Bereits seit vielen Jahren gilt Rock im Park als eine der Hauptadressen für das Zusammentreffen der Rock-Szene. Wer große Bands, fantastische Künstler und die Crème de la Crème des internationalen Rocks erleben möchte, ist mit dem Erwerb eines Dreitagespass für das Musikfestival auf dem Nürnberger Zeppelinfeld eigentlich immer gut bedient. Im direkten Vergleich zum bombastischen „15 Jahre Geburtstags“-Line-Up des vergangenen Jahres, konnte der Spielplan von 2011 zwar nicht ganz mithalten, hielt aber dennoch seine fraglosen Highlights für die rund 55.000 Festivalbesucher bereit.
Das erste Festivalhighlight war eines, das man sich nicht kaufen kann: Wohlfühltemperaturen,
die bei prallem Sonnenschein genossen werden konnten. Der Wettergott meinte
es mit den Festivalgängern in diesem Jahr besonders gut: Gleich zwei Schlechtwetterfronten
ließ er knapp vor den Toren zum Zeppelinfeld vorbeiziehen. Erst am späten
Abend des letzten Tages ergossen sich die finster vor dem Festivalgelände
lauernden Wolken über der Festivalgemeinde. Doch zu diesem Zeitpunkt hatte
der dritte Headliner Kings of Leon die Menge bereits mit seinem Auftritt beglückt.
Großer Verlierer war da nur noch der letzte Topact auf der Alternastage.
Aufgrund wolkenbruchartiger Regenfällt musste Deadmau5 seinen Auftritt
abbrechen. Davor lag jedoch dreitägiger Sonnenschein, der bei abwechslungsreichem
Line-Up musikalisch zelebriert werden konnte.
Dass Rock im Park nicht nur für Rockmusik steht, sondern von Jahr zu Jahr
mehr auf einen genreübergreifenden Musikmix setzt, wurde vor allem am ersten
Festivaltag auf der Centerstage offensichtlich. Die Sounds, die von der Hauptbühne
am Freitag über die Menge schallten, gestalteten sich überraschend
soft. Obwohl Pogo ebenso wie Headbangen zu harten Gitarrenriffs und Drum Beats
ausfiel, genoss man die unaufgeregte Atmosphäre, die von Hurts angestoßen,
schließlich bei The Kooks ihren vorläufigen Höhepunkt fand.

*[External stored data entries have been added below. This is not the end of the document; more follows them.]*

(* For every integer $n\geq 1$ there exists a $4$-dimensional Minkowski space $X$ whose norm is smooth and strictly convex and such that $m(X)\geq n$.
   Context: A Minkowski space is a finite-dimensional real normed space $(X,\|\cdot\|)$. For a set $S\subseteq X$, its midpoint set is $M(S)=\{\tfrac12(x+y): x,y\in S,\ x\neq y\}$. A set $S\subseteq X$ is an M-set if every vector in $M(S)$ has norm exactly $1$ and every vector in $S$ has norm strictly greater than $1$. $m(X)$ denotes the largest cardinality of an M-set in $X$ if such a largest finite cardinality exists, and $m(X)=\infty$ otherwise. The norm is smooth if each boundary point of the unit ball has a unique supporting hyperplane, and strictly convex if the unit sphere contains no nondegenerate line segment. *)

theory Defs
  imports "HOL-Analysis.Analysis" "HOL-Library.Extended_Nat"
begin

text \<open>A Minkowski space of dimension 4 is modelled (up to linear isometry) as
  real^4 equipped with an arbitrary norm function N.\<close>

definition is_norm :: "(real^4 \<Rightarrow> real) \<Rightarrow> bool" where
  "is_norm N \<longleftrightarrow>
     (\<forall>x. N x = 0 \<longleftrightarrow> x = 0) \<and>
     (\<forall>x. N x \<ge> 0) \<and>
     (\<forall>c x. N (c *\<^sub>R x) = \<bar>c\<bar> * N x) \<and>
     (\<forall>x y. N (x + y) \<le> N x + N y)"

definition unit_ball_N :: "(real^4 \<Rightarrow> real) \<Rightarrow> (real^4) set" where
  "unit_ball_N N = {y. N y \<le> 1}"

definition unit_sphere_N :: "(real^4 \<Rightarrow> real) \<Rightarrow> (real^4) set" where
  "unit_sphere_N N = {y. N y = 1}"

definition supporting_hyperplane :: "(real^4) set \<Rightarrow> real^4 \<Rightarrow> (real^4) set \<Rightarrow> bool" where
  "supporting_hyperplane B x H \<longleftrightarrow>
     (\<exists>a c. a \<noteq> 0 \<and> H = {y. a \<bullet> y = c} \<and> x \<in> H \<and> (\<forall>y\<in>B. a \<bullet> y \<le> c))"

definition smooth_norm :: "(real^4 \<Rightarrow> real) \<Rightarrow> bool" where
  "smooth_norm N \<longleftrightarrow>
     (\<forall>x\<in>unit_sphere_N N. \<exists>!H. supporting_hyperplane (unit_ball_N N) x H)"

definition strictly_convex_norm :: "(real^4 \<Rightarrow> real) \<Rightarrow> bool" where
  "strictly_convex_norm N \<longleftrightarrow>
     (\<forall>x y. x \<noteq> y \<longrightarrow> \<not> closed_segment x y \<subseteq> unit_sphere_N N)"

definition midpoint_set :: "(real^4) set \<Rightarrow> (real^4) set" where
  "midpoint_set S = {(1/2) *\<^sub>R (x + y) | x y. x \<in> S \<and> y \<in> S \<and> x \<noteq> y}"

definition M_set :: "(real^4 \<Rightarrow> real) \<Rightarrow> (real^4) set \<Rightarrow> bool" where
  "M_set N S \<longleftrightarrow> (\<forall>v\<in>midpoint_set S. N v = 1) \<and> (\<forall>x\<in>S. N x > 1)"

definition m_val :: "(real^4 \<Rightarrow> real) \<Rightarrow> enat" where
  "m_val N =
     (if \<exists>k::nat. (\<exists>S. M_set N S \<and> finite S \<and> card S = k) \<and>
                 (\<forall>S. M_set N S \<longrightarrow> finite S \<and> card S \<le> k)
      then enat (GREATEST k. \<exists>S. M_set N S \<and> finite S \<and> card S = k)
      else \<infinity>)"

end

theory Submission
  imports Defs
begin

text \<open>
  The norm is the gauge (Minkowski functional) of the sublevel set {G \<le> 1} of a
  convex potential G. If G is even, vanishes at 0, grows at least quadratically,
  is strictly midpoint convex and has a subgradient g with a quadratic upper Taylor
  bound, then the gauge is a norm whose unit sphere is exactly {G = 1}; strict
  convexity of G makes the norm strictly convex and the Taylor bound makes it smooth
  (locale convex_gauge). Any finite set A whose pairwise midpoints all lie on
  {G = 1} then yields an M-set of size at least |A| - 1.

  The potential is G x = eps |x|^2 + \<Sum> c_p \<phi>_\<tau>(b_p \<bullet> x), where \<phi>_\<tau> is a C^1 convex
  bump vanishing on [-\<tau>, \<tau>] (locale bump_potential). We take points \<gamma>(u) on the
  moment curve \<gamma>(u) = (u, u^2, u^3, u^4) for n + 1 separated parameters u \<in> [1, 2].
  For each pair p = (s, t) there is a linear functional a with
  a \<bullet> \<gamma>(u) = (s t)^2 - ((u - s)(u - t))^2; hence b_p = a / (s t)^2 equals 1 at the
  midpoint of \<gamma>(s), \<gamma>(t) and lies in [0, \<tau>] at every other pair midpoint. Choosing the weights c_p suitably makes G = 1 at all pair midpoints
  (locale separated_nodes), and equally spaced parameters give the theorem.
\<close>

lemma eq_by_thresholds:
  fixes a b :: real
  assumes "0 \<le> a" "0 \<le> b" and "\<And>t. 0 < t \<Longrightarrow> a \<le> t \<longleftrightarrow> b \<le> t"
  shows "a = b"
proof (rule ccontr)
  assume "a \<noteq> b"
  define t where "t = (a + b) / 2"
  have "0 < t" "min a b < t" "t < max a b" using assms \<open>a \<noteq> b\<close> unfolding t_def by auto
  thus False using assms(3)[of t] by (auto simp: min_def max_def split: if_splits)
qed

text \<open>A linear functional that is nonpositive on the open half-space {v. w \<bullet> v < 0}
  is a nonnegative multiple of w; this is the uniqueness part of smoothness.\<close>
lemma multiple_of_normal:
  fixes a w :: "'a::real_inner"
  assumes "w \<noteq> 0" and descent: "\<And>v. w \<bullet> v < 0 \<Longrightarrow> a \<bullet> v \<le> 0"
  shows "\<exists>\<mu>\<ge>0. a = \<mu> *\<^sub>R w"
proof -
  define \<mu> where "\<mu> = (a \<bullet> w) / (w \<bullet> w)"
  define r where "r = a - \<mu> *\<^sub>R w"
  have ww: "0 < w \<bullet> w" using assms by simp
  have wr: "w \<bullet> r = 0"
    unfolding r_def \<mu>_def using ww by (simp add: inner_diff_right inner_commute)
  have ar: "a \<bullet> r = r \<bullet> r"
    using wr unfolding r_def by (simp add: inner_diff_left inner_commute)
  have aw: "0 \<le> a \<bullet> w" using descent[of "- w"] ww by simp
  have "r \<bullet> r = 0"
  proof (rule ccontr)
    assume "r \<bullet> r \<noteq> 0"
    hence rr: "0 < r \<bullet> r" by simp
    define t where "t = (a \<bullet> w + 1) / (r \<bullet> r)"
    have "a \<bullet> (t *\<^sub>R r - w) \<le> 0"
      using ww wr by (intro descent) (simp add: inner_diff_right)
    hence "t * (r \<bullet> r) \<le> a \<bullet> w" by (simp add: inner_diff_right ar)
    thus False using rr unfolding t_def by simp
  qed
  hence "a = \<mu> *\<^sub>R w" unfolding r_def by simp
  moreover have "0 \<le> \<mu>" unfolding \<mu>_def using aw ww by simp
  ultimately show ?thesis by blast
qed

lemma m_val_ge:
  assumes "M_set N S" "finite S" "n \<le> card S"
  shows "enat n \<le> m_val N"
proof (cases "\<exists>k::nat. (\<exists>S. M_set N S \<and> finite S \<and> card S = k) \<and>
                 (\<forall>S. M_set N S \<longrightarrow> finite S \<and> card S \<le> k)")
  case True
  then obtain k where "\<forall>S. M_set N S \<longrightarrow> finite S \<and> card S \<le> k" by blast
  hence "card S \<le> (GREATEST k. \<exists>S. M_set N S \<and> finite S \<and> card S = k)"
    using assms by (intro Greatest_le_nat[where b = k]) auto
  thus ?thesis using True assms unfolding m_val_def by simp
next
  case False
  show ?thesis unfolding m_val_def by (subst if_not_P[OF False]) simp
qed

Den rockigen Tiefpunkt erreichte der Freitagabend auf der Centerstage mit den
Söhne Mannheims, die letztlich doch etwas deplatziert im Rockfestivalspielplan
auftraten. Immerhin konnte man währenddessen in aller Ruhe damit beginnen
dem ersten Headlinder des Festivals entgegenfiebern. Zur späteren Abendstunden
lieferten Coldplay, nach langer Konzertpause, einen musikalisch beeindruckenden
Auftrifft ab. Während Frontsänger Chris Martin nicht nur mit stimmlicher,
sondern auch mit instrumentaler Brillanz überzeugte, eröffnete sich
der Festivalmenge vor der Bühne ein wahrer Augenschmaus. Feuerwerkskörper
explodierten weit über den Köpfen der Zuhörer, während verschiedene
Laser bezaubernd die Dunkelheit durchbrachen. Während der optische Höhepunkt
schon lange erreicht war, steuerten die Briten zunehmend auch auf den musikalischen
zu. Erreicht wurde dieser mit Chris Martins Klaviereinlage zu dem gefühlvoll
dargebotenen Song „The Scientist“. Die Songauswahl gestaltete sich
überraschenderweise jedoch nicht nur als Best-of aller Erfolg der vergangenen
Jahre, sondern hielt neben Altbekanntem auch einige neue Lieder bereit, die
ein erneutes Aufstreben der britischen Pop-Rock-Band erwarten lassen.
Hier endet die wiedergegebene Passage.